They can be used on their own to hedge or they can be combined with the forward and
futures markets to achieve more complex hedges.
Futures require daily margins to cover credit risk while forwards require a bank credit
line. An option buyer can dispense with either depending on the specific market in which
he operates.
8.4.2 Trading of Options
FX options are traded in two distinct markets:
1. OTC: The largest, by far, is the OTC market (OTC just means ‘direct between counterparties’)
which comprises banks, American securities houses and corporates. There is no central
marketplace as such. All transactions are conducted over the telephone or through the
Reuter’s Dealing System and is open 24 hours a day. Telex is rarely used these days except
as a form of written confirmation for deals already concluded.

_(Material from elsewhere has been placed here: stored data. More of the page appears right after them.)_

lemma power_bound_last_col: "(lam * real d + 1) ^ I * (1 - lam) \<le> 1"
proof -
  have "(lam * real d + 1) ^ n * z 0 \<le> (\<Sum>k\<le>n. z k)" if "n \<le> I" for n
    using that
  proof (induction n)
    case (Suc n)
    have "(\<Sum>k\<le>Suc n. z k) = (lam * real d + 1) * (\<Sum>k\<le>n. z k) + s * z n"
      using z_Suc[of n] Suc.prems by (simp add: algebra_simps)
    moreover have "0 \<le> s * z n" using s_nonneg z_nonneg Suc.prems by simp
    moreover have "(lam * real d + 1) * ((lam * real d + 1) ^ n * z 0)
        \<le> (lam * real d + 1) * (\<Sum>k\<le>n. z k)"
      using Suc lam_d_pos by (intro mult_left_mono) auto
    ultimately show ?case by simp
  qed simp
  from this[of I] have "(lam * real d + 1) ^ I * z 0 \<le> 1" using mass_last_col by simp
  moreover have "(lam * real d + 1) ^ I * (1 - lam) \<le> (lam * real d + 1) ^ I * z 0"
    using one_minus_lam_le_z_0 lam_d_pos by (intro mult_left_mono) auto
  ultimately show ?thesis by linarith
qed

end

context fluid_fixed_point
begin

lemma first_col_less_I_if_jstar_less:
  assumes "jstar lam d < int I"
  shows "first_col < I"
proof (rule ccontr)
  assume "\<not> first_col < I"
  then interpret last_col_fixed_point lam d I x
    using first_col_le_I by unfold_locales simp
  have "int I \<le> jstar lam d"
    using power_bound_last_col le_jstar_iff lam_pos lam_less_1 d_ge_2 by simp
  then show False using assms by simp
qed

lemma jstar_eq_first_col:
  assumes "first_col < I"
  shows "jstar lam d = int first_col"
proof (cases "first_col = 0")
  case True
  then show ?thesis using jstar_eq_0_if_first_col_0 by simp
next
  case False
  then interpret interior_fixed_point lam d I x
    using assms by unfold_locales simp_all
  show ?thesis by (rule jstar_eq_first_col_interior)
qed

lemma LM_eq_LS_plus_inverse_d:
  assumes "first_col < I"
  shows "LM I x = LS I x + 1 / real d"
proof (cases "first_col = 0")
  case True
  then show ?thesis
    using LM_minus_LS_first_cols[OF assms] x_0_1_if_first_col_0 by simp
next
  case False
  then interpret interior_fixed_point lam d I x
    using assms by unfold_locales simp_all
  show ?thesis using LM_minus_LS_interior by simp
qed

end

theorem proposition2:
  fixes lam :: real and d I :: nat and x :: "nat \<Rightarrow> nat \<Rightarrow> real"
  assumes "0 < lam" and "lam < 1" and "2 \<le> d" and "1 < I"
    and "jstar lam d < int I"
    and "fixed_point lam d I x"
  shows "LM I x = LS I x + 1 / real d
         \<and> real_of_int (jstar lam d) - 1 / real d \<le> LS I x
         \<and> LS I x \<le> real_of_int (jstar lam d) - 1 / real d + 1"
proof -
  interpret fluid_fixed_point lam d I x
    using assms(1-4,6) by unfold_locales
  have m: "first_col < I" using assms(5) by (rule first_col_less_I_if_jstar_less)
  have "0 \<le> colsum x (Suc first_col)" "colsum x (Suc first_col) \<le> 1"
    using colsum_nonneg[of "Suc first_col"] colsum_first_cols[OF m] colsum_first_col_pos m by simp_all
  then show ?thesis
    using LM_eq_LS_plus_inverse_d[OF m] jstar_eq_first_col[OF m] LM_first_cols[OF m] by simp
qed

end
(* Let $f\in GM$ be real-valued and $\alpha\in\mathbb{R}$. If $t^{2\alpha+1}f(t)\in L^1(0,1)$ and the improper integral $\int_0^\infty t^{2\alpha+1}f(t)\,dt$ converges, then $M_{2\alpha+2}(f):=\sup_{t\in\mathbb{R}_+}t^{2\alpha+2}|f(t)|<\infty$.
   Context: $\mathbb{R}_+=[0,\infty)$. All functions $f:\mathbb{R}_+\to\mathbb{C}$ considered are locally integrable, locally of bounded variation on $(0,\infty)$, and satisfy $f(t)\to 0$ as $t\to\infty$. Integrals over infinite intervals are improper Riemann integrals. Such an $f$ is called general monotone, written $f\in GM$, if there exist constants $C>1$ and $\lambda>1$ such that for every $x>0$, $$\int_x^{2x}|df(t)|\le C\int_{x/\lambda}^{\lambda x}\frac{|f(t)|}{t}\,dt,$$ where $|df|$ denotes the total variation measure of $f$. *)

theory Defs
  imports "HOL-Analysis.Analysis"
begin

definition variation_sums :: "(real \<Rightarrow> 'a::real_normed_vector) \<Rightarrow> real \<Rightarrow> real \<Rightarrow> real set" where
  "variation_sums f a b =
     {(\<Sum>i<n. norm (f (x (Suc i)) - f (x i))) | x n.
        x 0 = a \<and> x n = b \<and> (\<forall>i<n. x i \<le> x (Suc i))}"

definition variation :: "(real \<Rightarrow> 'a::real_normed_vector) \<Rightarrow> real \<Rightarrow> real \<Rightarrow> real" where
  "variation f a b = Sup (variation_sums f a b)"

text \<open>General monotone functions (standing assumptions included).\<close>
definition GM :: "(real \<Rightarrow> 'a::euclidean_space) \<Rightarrow> bool" where
  "GM f \<longleftrightarrow>
     (\<forall>b\<ge>0. f absolutely_integrable_on {0..b}) \<and>
     (\<forall>a b. 0 < a \<and> a \<le> b \<longrightarrow> bdd_above (variation_sums f a b)) \<and>
     (f \<longlongrightarrow> 0) at_top \<and>
     (\<exists>C>1. \<exists>lam>1. \<forall>x>0.
        variation f x (2 * x) \<le> C * integral {x / lam .. lam * x} (\<lambda>t. norm (f t) / t))"

end

theory Submission
  imports Defs
begin

text \<open>
  Put w(t) = t powr beta * f(t) with beta = 2 alpha + 1. Since the integrals of w over [0, R]
  converge, all integrals of w over subintervals of [0, inf) are bounded by one constant K. Cut
  [x, 2x] into n equal pieces: on each piece the integral of |w| exceeds the absolute value of
  the integral of w by at most twice the oscillation of f times the integral of t powr beta, and
  the oscillations add up to the variation of f on [x, 2x], which the GM condition bounds by the
  |w|-mass of [x / lam, lam x]. That mass is covered by m dyadic blocks [y, 2y], so the running
  supremum U(R) of the |w|-mass N(y) of [y, 2y] over y \<le> R satisfies U(R) \<le> n K + eps
  U(theta R), with eps = O(1/n) as small as we like. Because f tends to 0, U grows at most
  polynomially, and iterating the recursion shows that N is bounded. Finally the GM condition
  bounds |f(y)| by y powr -(beta + 1) times the |w|-mass of [y / lam, lam y].
\<close>

lemma norm_diff_in_variation_sums:
  assumes "a \<le> b"
  shows "norm (f b - f a) \<in> variation_sums f a b"
  unfolding variation_sums_def using assms
  by (intro CollectI exI[of _ "\<lambda>i. if i = 0 then a else b"] exI[of _ 1]) auto

lemma variation_nonneg:
  assumes "bdd_above (variation_sums f a b)" "a \<le> b"
  shows "0 \<le> variation f a b"
  unfolding variation_def
  using cSup_upper[OF norm_diff_in_variation_sums[OF assms(2)] assms(1)] norm_ge_zero order_trans by blast

lemma variation_sum_le_variation:
  assumes "bdd_above (variation_sums f a b)"
    and "x 0 = a" "x n = b" "\<forall>i<n. x i \<le> x (Suc i)"
  shows "(\<Sum>i<n. norm (f (x (Suc i)) - f (x i))) \<le> variation f a b"
  unfolding variation_def using assms
  by (intro cSup_upper) (auto simp: variation_sums_def)

lemma norm_diff_le_variation:
  assumes "bdd_above (variation_sums f a b)"
    and "a \<le> s" "s \<le> b" "a \<le> t" "t \<le> b"
  shows "norm (f t - f s) \<le> variation f a b"
proof -
  have "norm (f v - f u) \<le> variation f a b" if "a \<le> u" "u \<le> v" "v \<le> b" for u v
  proof -
    define x where "x i = [a, u, v, b] ! i" for i
    have "norm (f v - f u) \<le> (\<Sum>i<3. norm (f (x (Suc i)) - f (x i)))"
      by (simp add: x_def numeral_3_eq_3 lessThan_Suc)
    also have "\<dots> \<le> variation f a b"
      using that by (intro variation_sum_le_variation[OF assms(1)])
        (auto simp: x_def less_Suc_eq numeral_3_eq_3)
    finally show ?thesis .
  qed
  from this[of s t] this[of t s] assms(2-) show ?thesis
    by (cases "s \<le> t") (auto simp: norm_minus_commute)
qed

lemma variation_sums_concat:
  assumes "s \<in> variation_sums f a c" "s' \<in> variation_sums f c b"
  shows "s + s' \<in> variation_sums f a b"
proof -
  obtain x n where x: "x 0 = a" "x n = c" "\<forall>i<n. x i \<le> x (Suc i)"
    and s: "s = (\<Sum>i<n. norm (f (x (Suc i)) - f (x i)))"
    using assms(1) unfolding variation_sums_def by blast
  obtain x' n' where x': "x' 0 = c" "x' n' = b" "\<forall>i<n'. x' i \<le> x' (Suc i)"
    and s': "s' = (\<Sum>i<n'. norm (f (x' (Suc i)) - f (x' i)))"
    using assms(2) unfolding variation_sums_def by blast
  define y where "y i = (if i \<le> n then x i else x' (i - n))" for i
  define g where "g i = norm (f (y (Suc i)) - f (y i))" for i
  have "(\<Sum>i<n + n'. norm (f (y (Suc i)) - f (y i)))
      = (\<Sum>i<n. norm (f (y (Suc i)) - f (y i))) + (\<Sum>i<n'. norm (f (y (Suc (n + i))) - f (y (n + i))))"
    using sum.atLeastLessThan_concat[of 0 n "n + n'" g] sum.shift_bounds_nat_ivl[of g 0 n n']
    by (simp add: atLeast0LessThan add.commute g_def)
  also have "\<dots> = s + s'"
    using x(2) x'(1) by (auto simp: s s' y_def intro!: sum.cong)
  finally have "s + s' = (\<Sum>i<n + n'. norm (f (y (Suc i)) - f (y i)))" by simp
  moreover have "\<forall>i<n + n'. y i \<le> y (Suc i)"
  proof (intro allI impI)
    fix i assume i: "i < n + n'"
    consider "i < n" | "i = n" | "n < i" by linarith
    then show "y i \<le> y (Suc i)"
      by cases (use x x' i in \<open>auto simp: y_def Suc_diff_le\<close>)
  qed
  moreover have "y 0 = a" "y (n + n') = b"
    using x x' by (auto simp: y_def)
  ultimately show ?thesis unfolding variation_sums_def by blast
qed

lemma variation_superadditive:
  assumes bdd: "bdd_above (variation_sums f a b)" and "a \<le> c" "c \<le> b"
  shows "variation f a c + variation f c b \<le> variation f a b"
proof -
  have "s \<le> variation f a b - s'"
    if "s \<in> variation_sums f a c" "s' \<in> variation_sums f c b" for s s'
    using cSup_upper[OF variation_sums_concat[OF that] bdd] unfolding variation_def by simp
  then have "variation f a c \<le> variation f a b - s'" if "s' \<in> variation_sums f c b" for s'
    unfolding variation_def using that \<open>a \<le> c\<close> by (intro cSup_least) (auto dest: norm_diff_in_variation_sums[of _ _ f])
  then have "variation f c b \<le> variation f a b - variation f a c"
    unfolding variation_def[of f c b] using \<open>c \<le> b\<close>
    by (intro cSup_least) (auto simp: algebra_simps dest: norm_diff_in_variation_sums[of _ _ f])
  then show ?thesis by simp
qed

lemma sum_variation_le_variation:
  assumes mono: "\<And>i. z i \<le> z (Suc i)"
    and bdd: "\<And>k. k \<le> n \<Longrightarrow> bdd_above (variation_sums f (z 0) (z k))"
  shows "(\<Sum>i<n. variation f (z i) (z (Suc i))) \<le> variation f (z 0) (z n)"
  using bdd
proof (induction n)
  case (Suc n)
  have "(\<Sum>i<Suc n. variation f (z i) (z (Suc i)))
      \<le> variation f (z 0) (z n) + variation f (z n) (z (Suc n))"
    using Suc by simp
  also have "\<dots> \<le> variation f (z 0) (z (Suc n))"
    using lift_Suc_mono_le[of z 0 n] mono by (intro variation_superadditive Suc.prems) auto
  finally show ?case .
qed (simp add: variation_nonneg)

lemma absolutely_integrable_continuous_mult:
  fixes g h :: "real \<Rightarrow> real"
  assumes "continuous_on {a..b} g" "h absolutely_integrable_on {a..b}"
  shows "(\<lambda>t. g t * h t) absolutely_integrable_on {a..b}"
proof -
  have "g \<in> borel_measurable (lebesgue_on {a..b})"
    using assms(1) by (intro continuous_imp_measurable_on_sets_lebesgue)
      (use fmeasurableD[OF lmeasurable_interval(1)] in auto)
  moreover have "bounded (g ` {a..b})"
    using assms(1) by (intro compact_imp_bounded compact_continuous_image) auto
  ultimately show ?thesis
    using absolutely_integrable_bounded_measurable_product_real[of g "{a..b}" h] assms(2) by auto
qed

lemma abs_div_integrable:
  fixes f :: "real \<Rightarrow> real"
  assumes "f absolutely_integrable_on {a..b}" "0 < a"
  shows "(\<lambda>t. \<bar>f t\<bar> / t) integrable_on {a..b}"
proof -
  have "(\<lambda>t. (1 / t) * \<bar>f t\<bar>) absolutely_integrable_on {a..b}"
    using assms absolutely_integrable_abs[OF assms(1)]
    by (intro absolutely_integrable_continuous_mult continuous_intros) auto
  then show ?thesis
    by (simp add: absolutely_integrable_on_def)
qed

The market participants deal with each other, either directly or through an OTC broker,
quoting volatility rates as the dealing price (rather than in currency prices). The brokers
act to bring counterparties together but have no part in the transaction itself. As in the spot
FX markets, a fee is levied on both counterparties by the broker for such deals. Trades
concluded directly are commission free (so there are no fees when a corporate deals with
its bank).
2. Exchange Listed: The other market for FX options is the exchange listed markets of the
various stock and futures exchanges around the world. The principal centres are
Philadelphia, where the stock exchange lists options on spot FX and Chicago, where the
Mercantile Exchange lists options on its FX futures contracts. In both cases, quotations are
in the form of currency (rather than volatility).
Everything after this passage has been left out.